- [TASK DESCRIPTION] Would you show every line from the records that holds "assoc"?

=== EXTRACTED INFORMATION ===

text \<open>
  Entropy method for f = d_T(., A)^2. The modified log-Sobolev inequality bounds
  Ent(exp(t f)) by the Dirichlet form E(exp(t f), t f), which only sees jumps along which f
  decreases. For a nearly optimal weight vector alpha of d_T(x, A), the decrease of d_T along a
  jump x -> y is at most the alpha-mass of the (at most two) coordinates the jump changes, and by
  R-stability every coordinate changes at rate at most R rho; this gives
  sum_y L(x,y) (f x - f y)_+^2 <= 8 R rho f x. Hence Ent(exp(t f)) <= 8 c R t^2 pi(f exp(t f)),
  with c = 1 for t > 0 and, as a jump lowers f by at most 2, with c = 2 for -1/2 <= t < 0.
  Herbst's argument turns the two bounds into estimates of ln pi(exp(t f)) against pi(f) of
  opposite signs, which combine to pi(exp(-f/2)) pi(exp(f/(40R+4))) <= 1; finally
  pi(A) <= pi(exp(-f/2)) because f vanishes on A.
\<close>

section \<open>Talagrand's convex distance\<close>

definition unit_weights :: "('n::finite \<Rightarrow> real) set" where
  "unit_weights = {\<alpha>. (\<forall>i. 0 \<le> \<alpha> i) \<and> L2_set \<alpha> UNIV \<le> 1}"

lemma d_T_eq_SUP: "d_T x A = (SUP \<alpha>\<in>unit_weights. d_alpha_set \<alpha> x A)"
  unfolding d_T_def unit_weights_def L2_set_def by (rule arg_cong[where f = Sup]) auto

lemma zero_in_unit_weights: "(\<lambda>_. 0) \<in> unit_weights"
  by (simp add: unit_weights_def L2_set_def)

lemma unit_weights_le_1: "\<alpha> \<in> unit_weights \<Longrightarrow> \<alpha> i \<le> 1"
  unfolding unit_weights_def using member_le_L2_set[of UNIV i \<alpha>] by auto

lemma unit_weights_sum_squares_le_1: "\<alpha> \<in> unit_weights \<Longrightarrow> (\<Sum>i\<in>UNIV. (\<alpha> i)\<^sup>2) \<le> 1"
  by (simp add: unit_weights_def L2_set_def real_sqrt_le_1_iff)

lemma d_alpha_eq_sum: "d_alpha \<alpha> x y = sum \<alpha> {i. x i \<noteq> y i}"
proof -
  have "sum \<alpha> {i. x i \<noteq> y i} = (\<Sum>i\<in>UNIV. if i \<in> {i. x i \<noteq> y i} then \<alpha> i else 0)"
    using sum.inter_restrict[of UNIV \<alpha> "{i. x i \<noteq> y i}"] by simp
  also have "\<dots> = d_alpha \<alpha> x y"
    unfolding d_alpha_def by (intro sum.cong) auto
  finally show ?thesis ..
qed

lemma d_alpha_set_le: "z \<in> A \<Longrightarrow> d_alpha_set \<alpha> x A \<le> d_alpha \<alpha> x z"
  unfolding d_alpha_set_def by (rule Min_le) auto

lemma d_alpha_set_attained:
  assumes "A \<noteq> {}"
  obtains z where "z \<in> A" "d_alpha_set \<alpha> x A = d_alpha \<alpha> x z"
proof -
  have "d_alpha_set \<alpha> x A \<in> d_alpha \<alpha> x ` A"
    unfolding d_alpha_set_def using assms by (intro Min_in) auto
  then show thesis using that by blast
qed

lemma d_alpha_set_nonneg:
  assumes "\<forall>i. 0 \<le> \<alpha> i" "A \<noteq> {}"
  shows "0 \<le> d_alpha_set \<alpha> x A"
proof -
  obtain z where "d_alpha_set \<alpha> x A = d_alpha \<alpha> x z"
    using d_alpha_set_attained[OF assms(2)] by blast
  then show ?thesis using assms(1) by (simp add: d_alpha_eq_sum sum_nonneg)
qed

lemma bdd_above_d_alpha_set:
  assumes "A \<noteq> {}"
  shows "bdd_above ((\<lambda>\<alpha>. d_alpha_set \<alpha> x A) ` (unit_weights :: ('n::finite \<Rightarrow> real) set))"
proof (rule bdd_aboveI2)
  obtain z where z: "z \<in> A" using assms by blast
  fix \<alpha> :: "'n \<Rightarrow> real" assume "\<alpha> \<in> unit_weights"
  then have "d_alpha \<alpha> x z \<le> (\<Sum>i\<in>(UNIV :: 'n set). 1)"
    unfolding d_alpha_def by (intro sum_mono) (auto simp: unit_weights_def intro: unit_weights_le_1)
  then show "d_alpha_set \<alpha> x A \<le> real CARD('n)"
    using d_alpha_set_le[OF z, of \<alpha> x] by simp
qed
(* If s^2 = c with s nonzero, then (x, y) \<mapsto> (x, s y) maps c y^2 = x^3 + a x + b onto
   y^2 = x^3 + a x + b, and chord-and-tangent addition commutes with it; so it suffices that 30 is
   a square modulo the prime q = p^2 16^n + 1.  As p is odd, primality of q forces n > 0, hence
   q \<equiv> 1 (mod 8) and 2 is a quadratic residue.  Since p \<equiv> \<plusminus>1 (mod 5) and 3 does not divide p,
   q \<equiv> 2 modulo 3 and modulo 5; as q \<equiv> 1 (mod 4), reciprocity gives (3/q) = (2/3) = -1 and
   (5/q) = (2/5) = -1.  Thus (30/q) = 1. *)

definition ell_scale :: "'a::field \<Rightarrow> ('a \<times> 'a) option \<Rightarrow> ('a \<times> 'a) option" where
  "ell_scale s = map_option (\<lambda>(x, y). (x, s * y))"

lemma ell_scale_inverse [simp]:
  fixes s :: "'a::field"
  assumes "s \<noteq> 0"
  shows "ell_scale (inverse s) (ell_scale s P) = P"
  using assms by (cases P) (auto simp: ell_scale_def)

lemma ell_scale_mem_points:
  fixes s c c' :: "'a::field"
  assumes "c = c' * s^2" and "P \<in> ell_points c a b"
  shows "ell_scale s P \<in> ell_points c' a b"
  using assms by (cases P) (auto simp: ell_scale_def ell_points_def power_mult_distrib mult.assoc)
(* Let $f:\mathbb{R}^d\to\mathbb{R}$ be twice continuously differentiable with $mI_d\preceq\nabla^2f\preceq LI_d$, let $u=1/L$, and let $R\ge1$, $\delta>0$ with $h=R\delta$ and $R^4\delta^4\le\frac14$. Consider iteration $n$ of Algorithm 2 (context) started at given $(x_n,v_n)$, and let $(x_n^*(t),v_n^*(t))_{t\in[0,h]}$ be the underdamped Langevin diffusion started at $(x_n,v_n)$, driven by the same Brownian motion as the iteration. Then for any $i=1,\dots,R$ and $k=1,\dots,K-1$, $$\mathbb{E}\|x_n^{(k,i)}-x_n^*(\alpha_ih)\|^2\le(2R^4\delta^4)^k\frac1R\sum_{j=1}^R\mathbb{E}\|x_n-x_n^*(\alpha_jh)\|^2+4R^3\delta^4\sum_{j=1}^R\mathbb{E}\sup_{s\in[(j-1)\delta,j\delta]}\|x_n^*(\alpha_jh)-x_n^*(s)\|^2.$$
   Context: Underdamped Langevin diffusion: $dv=-2v\,dt-u\nabla f(x)dt+2\sqrt u\,dB_t$, $dx=v\,dt$. Iteration $n$ of Algorithm 2 with parameters $h,R,K$, $\delta=h/R$: sample independently $\alpha_i\sim U[\frac{i-1}R,\frac iR]$, $i=1,\dots,R$, and a standard $d$-dimensional Brownian motion $(B_s)_{s\in[0,h]}$; set $W_{1,i}=\int_0^{\alpha_ih}(1-e^{-2(\alpha_ih-s)})dB_s$; set $x_n^{(0,i)}=x_n$ and for $k=1,\dots,K-1$, $i=1,\dots,R$: $x_n^{(k,i)}=x_n+\frac12(1-e^{-2\alpha_ih})v_n-\frac12u\sum_{j=1}^i\left[\int_{(j-1)\delta}^{\min(j\delta,\alpha_ih)}(1-e^{-2(\alpha_ih-s)})ds\cdot\nabla f(x_n^{(k-1,j)})\right]+\sqrt uW_{1,i}$. *)

theory Defs
  imports "HOL-Probability.Probability"
begin

definition std_brownian_motion ::
  "'w measure \<Rightarrow> real \<Rightarrow> (real \<Rightarrow> 'w \<Rightarrow> 'a::euclidean_space) \<Rightarrow> bool" where
  "std_brownian_motion M T B \<longleftrightarrow>
     prob_space M \<and>
     (\<forall>t\<in>{0..T}. B t \<in> borel_measurable M) \<and>
     (\<forall>\<omega>\<in>space M. B 0 \<omega> = 0 \<and> continuous_on {0..T} (\<lambda>t. B t \<omega>)) \<and>
     (\<forall>s t. 0 \<le> s \<and> s < t \<and> t \<le> T \<longrightarrow>
        (\<forall>b\<in>Basis. distributed M lborel (\<lambda>\<omega>. (B t \<omega> - B s \<omega>) \<bullet> b)
                       (normal_density 0 (sqrt (t - s))))) \<and>
     (\<forall>(ts :: nat \<Rightarrow> real) n. 0 \<le> ts 0 \<and> (\<forall>k<n. ts k \<le> ts (Suc k)) \<and> ts n \<le> T \<longrightarrow>
        prob_space.indep_vars M (\<lambda>_. borel)
          (\<lambda>(k, b) \<omega>. (B (ts (Suc k)) \<omega> - B (ts k) \<omega>) \<bullet> b) ({..<n} \<times> Basis))"

text \<open>Wiener integral of a deterministic C^1 integrand g (with derivative g') against a
  continuous path b on [0,t], defined pathwise by integration by parts:
  int_0^t g(s) db_s = g(t) b(t) - g(0) b(0) - int_0^t g'(s) b(s) ds.
  (For a Brownian path this coincides almost surely with the Ito integral.)\<close>
definition wiener_integral ::
  "(real \<Rightarrow> real) \<Rightarrow> (real \<Rightarrow> real) \<Rightarrow> (real \<Rightarrow> 'a::euclidean_space) \<Rightarrow> real \<Rightarrow> 'a" where
  "wiener_integral g g' b t = g t *\<^sub>R b t - g 0 *\<^sub>R b 0 - integral {0..t} (\<lambda>s. g' s *\<^sub>R b s)"

definition W1 :: "(real \<Rightarrow> 'a::euclidean_space) \<Rightarrow> real \<Rightarrow> 'a" where
  "W1 b t = wiener_integral (\<lambda>s. 1 - exp (- 2 * (t - s))) (\<lambda>s. - 2 * exp (- 2 * (t - s))) b t"

text \<open>Inner iterates x_n^{(k,i)} of Algorithm 2 (for one realisation):
  g = gradient of f, a i = alpha_i, W i = W_{1,i}, delta = h / R.\<close>
primrec alg2_iter ::
  "('a::euclidean_space \<Rightarrow> 'a) \<Rightarrow> real \<Rightarrow> real \<Rightarrow> nat \<Rightarrow> 'a \<Rightarrow> 'a \<Rightarrow> (nat \<Rightarrow> real) \<Rightarrow> (nat \<Rightarrow> 'a)
     \<Rightarrow> nat \<Rightarrow> nat \<Rightarrow> 'a" where
  "alg2_iter g u h R x v a W 0 i = x"
| "alg2_iter g u h R x v a W (Suc k) i =
     x + ((1 - exp (- 2 * (a i * h))) / 2) *\<^sub>R v
     - (u / 2) *\<^sub>R (\<Sum>j=1..i.
          integral {(real j - 1) * (h / real R) .. min (real j * (h / real R)) (a i * h)}
                   (\<lambda>s. 1 - exp (- 2 * (a i * h - s)))
          *\<^sub>R g (alg2_iter g u h R x v a W k j))
     + sqrt u *\<^sub>R W i"

end

theory Submission
  imports Defs
begin

text \<open>
  The iterate x_n^(k,i) and the variation-of-constants form of the diffusion,
  x*(t) = x_n + (1 - e^(-2t))/2 v_n - u/2 int_0^t (1 - e^(-2(t-s))) grad f(x*(s)) ds + sqrt u W_1(t),
  have the same noise term, so they differ only in the drift integral.  Splitting int_0^(alpha_i h)
  into the cells [(j-1) delta, j delta] and using |1 - e^(-2(t-s))| <= 2h, the L-Lipschitz continuity
  of grad f (co-coercivity of a convex L-smooth function) and u = 1/L gives, pathwise,
  e_(k+1)(i) <= h delta sum_j (e_k(j) + S_j), where e_k(j) = |x_n^(k,j) - x*(alpha_j h)| and S_j is
  the oscillation of x* on the j-th cell.  By Cauchy-Schwarz, e_(k+1)(i)^2 <= q b_k + C with
  q = 2 R^4 delta^4 <= 1/2, b_k the mean of the e_k(j)^2 and C = 2 R^3 delta^4 sum_j S_j^2, and
  iterating this affine recursion gives e_k(i)^2 <= q^k b_0 + 2C.  Taking expectations (the diffusion
  evaluated at the random times alpha_j h is measurable since its paths are continuous) proves the
  claim.
\<close>

section \<open>Convex functions with Lipschitz gradient\<close>

lemma has_real_derivative_along_line:
  fixes F :: "'a::real_normed_vector \<Rightarrow> real"
  assumes "(F has_derivative F') (at (x + s *\<^sub>R d))"
  shows "((\<lambda>s. F (x + s *\<^sub>R d)) has_real_derivative F' d) (at s)"
proof -
  have "((\<lambda>s. x + s *\<^sub>R d) has_derivative (\<lambda>e. e *\<^sub>R d)) (at s)"
    by (auto intro!: derivative_eq_intros)
  from has_derivative_compose[OF this assms]
  have "((\<lambda>s. F (x + s *\<^sub>R d)) has_derivative (\<lambda>e. F' (e *\<^sub>R d))) (at s)" .
  moreover have "(\<lambda>e. F' (e *\<^sub>R d)) = (*) (F' d)"
    using linear_scale[OF has_derivative_linear[OF assms]] by (auto simp: mult.commute)
  ultimately show ?thesis
    by (simp add: has_field_derivative_def)
qed

lemma grad_increment_along_line_bounds:
  fixes grad :: "'a::real_inner \<Rightarrow> 'a"
  assumes hess: "\<And>x. (grad has_derivative H x) (at x)"
    and psd: "\<And>x w. 0 \<le> H x w \<bullet> w"
    and upper: "\<And>x w. H x w \<bullet> w \<le> L * (norm w)\<^sup>2"
    and t: "0 \<le> t"
  shows "0 \<le> (grad (x + t *\<^sub>R d) - grad x) \<bullet> d"
    and "(grad (x + t *\<^sub>R d) - grad x) \<bullet> d \<le> L * t * (norm d)\<^sup>2"
proof -
  have deriv: "((\<lambda>s. grad (x + s *\<^sub>R d) \<bullet> d) has_real_derivative H (x + s *\<^sub>R d) d \<bullet> d) (at s)" for s
    by (rule has_real_derivative_along_line) (auto intro!: derivative_eq_intros hess)
  have "grad (x + 0 *\<^sub>R d) \<bullet> d \<le> grad (x + t *\<^sub>R d) \<bullet> d"
    using deriv psd by (intro DERIV_nonneg_imp_nondecreasing[OF t]) blast
  then show "0 \<le> (grad (x + t *\<^sub>R d) - grad x) \<bullet> d"
    by (simp add: inner_diff_left)
  have "grad (x + t *\<^sub>R d) \<bullet> d - L * t * (norm d)\<^sup>2 \<le> grad (x + 0 *\<^sub>R d) \<bullet> d - L * 0 * (norm d)\<^sup>2"
  proof (rule DERIV_nonpos_imp_nonincreasing[OF t])
    fix s
    have "((\<lambda>s. grad (x + s *\<^sub>R d) \<bullet> d - L * s * (norm d)\<^sup>2) has_real_derivative
        H (x + s *\<^sub>R d) d \<bullet> d - L * (norm d)\<^sup>2) (at s)"
      by (auto intro!: derivative_eq_intros deriv)
    then show "\<exists>y. ((\<lambda>s. grad (x + s *\<^sub>R d) \<bullet> d - L * s * (norm d)\<^sup>2) has_real_derivative y) (at s) \<and> y \<le> 0"
      using upper[of "x + s *\<^sub>R d" d] by force
  qed
  then show "(grad (x + t *\<^sub>R d) - grad x) \<bullet> d \<le> L * t * (norm d)\<^sup>2"
    by (simp add: inner_diff_left)
qed
lemma Omega_sup: "x \<in> Omega N \<Longrightarrow> y \<in> Omega N \<Longrightarrow> sup x y \<in> Omega N"
  and Omega_inf: "x \<in> Omega N \<Longrightarrow> y \<in> Omega N \<Longrightarrow> inf x y \<in> Omega N"
  unfolding Omega_def
  by (auto simp: xext_sup xext_inf PiE_def extensional_def intro: max.mono min.mono)

lemma norm_const_nonneg:
  assumes "0 < \<alpha>"
  shows "0 \<le> norm_const N \<alpha>"
proof -
  have "0 \<le> Gamma (real N * \<alpha>)" using assms by (cases "N = 0") auto
  then show ?thesis unfolding norm_const_def using assms by simp
qed

lemma pi_density_nonneg: "0 < \<alpha> \<Longrightarrow> 0 \<le> pi_density N \<alpha> x"
  unfolding pi_density_def by (intro mult_nonneg_nonneg prod_nonneg norm_const_nonneg) auto

lemma pi_density_log_supermodular:
  assumes "1 \<le> \<alpha>"
  shows "log_supermodular (pi_density N \<alpha>)"
  unfolding log_supermodular_def
proof (intro allI)
  fix x y :: "nat \<Rightarrow> real"
  define F where "F z i = (xext N z i - xext N z (i - 1)) powr (\<alpha> - 1)" for z i
  define C where "C = norm_const N \<alpha>"
  have density: "pi_density N \<alpha> z = C * (\<Prod>i\<in>{1..N}. F z i)" if "z \<in> Omega N" for z
    using that by (simp add: pi_density_def F_def C_def)
  show "pi_density N \<alpha> x * pi_density N \<alpha> y \<le> pi_density N \<alpha> (sup x y) * pi_density N \<alpha> (inf x y)"
  proof (cases "x \<in> Omega N \<and> y \<in> Omega N")
    case False
    then show ?thesis
      using pi_density_nonneg assms by (auto simp: pi_density_def[of N \<alpha> x] pi_density_def[of N \<alpha> y])
  next
    case True
    have "0 \<le> C" unfolding C_def using assms by (intro norm_const_nonneg) simp
    have factorwise: "F x i * F y i \<le> F (sup x y) i * F (inf x y) i" if "i \<in> {1..N}" for i
      using True that assms unfolding F_def xext_sup xext_inf Omega_def
      by (auto intro!: powr_diff_mult_le_max_min)
    have "(\<Prod>i\<in>{1..N}. F x i) * (\<Prod>i\<in>{1..N}. F y i) \<le> (\<Prod>i\<in>{1..N}. F (sup x y) i) * (\<Prod>i\<in>{1..N}. F (inf x y) i)"
      unfolding prod.distrib[symmetric] using factorwise by (intro prod_mono) (simp add: F_def)
    then show ?thesis
      using True Omega_sup Omega_inf \<open>0 \<le> C\<close>
      by (simp add: density mult_left_mono mult.assoc mult.left_commute)
  qed
qed

lemma increasing_fun_bounds:
  assumes "increasing_fun N f" "x \<in> Omega N"
  shows "f (restrict (\<lambda>_. 0) {1..<N}) \<le> f x" "f x \<le> f (restrict (\<lambda>_. real N) {1..<N})"
proof -
  have "restrict (\<lambda>_. 0) {1..<N} \<in> Omega N" "restrict (\<lambda>_. real N) {1..<N} \<in> Omega N"
    by (auto simp: Omega_def xext_def)
  then show "f (restrict (\<lambda>_. 0) {1..<N}) \<le> f x" "f x \<le> f (restrict (\<lambda>_. real N) {1..<N})"
    using assms Omega_coordinate_bounds[OF assms(2)]
    unfolding increasing_fun_def coord_le_def by auto
qed

lemma increasing_setD:
  assumes "increasing_set N A" "y \<in> A" "z \<in> Omega N" "coord_le N y z"
  shows "z \<in> A"
  using assms unfolding increasing_set_def increasing_fun_def by (force simp: indicator_def)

===

- [RESPONSE AREA]
  using assms by (cases P) (auto simp: ell_scale_def ell_points_def power_mult_distrib mult.assoc)
      by (simp add: density mult_left_mono mult.assoc mult.left_commute)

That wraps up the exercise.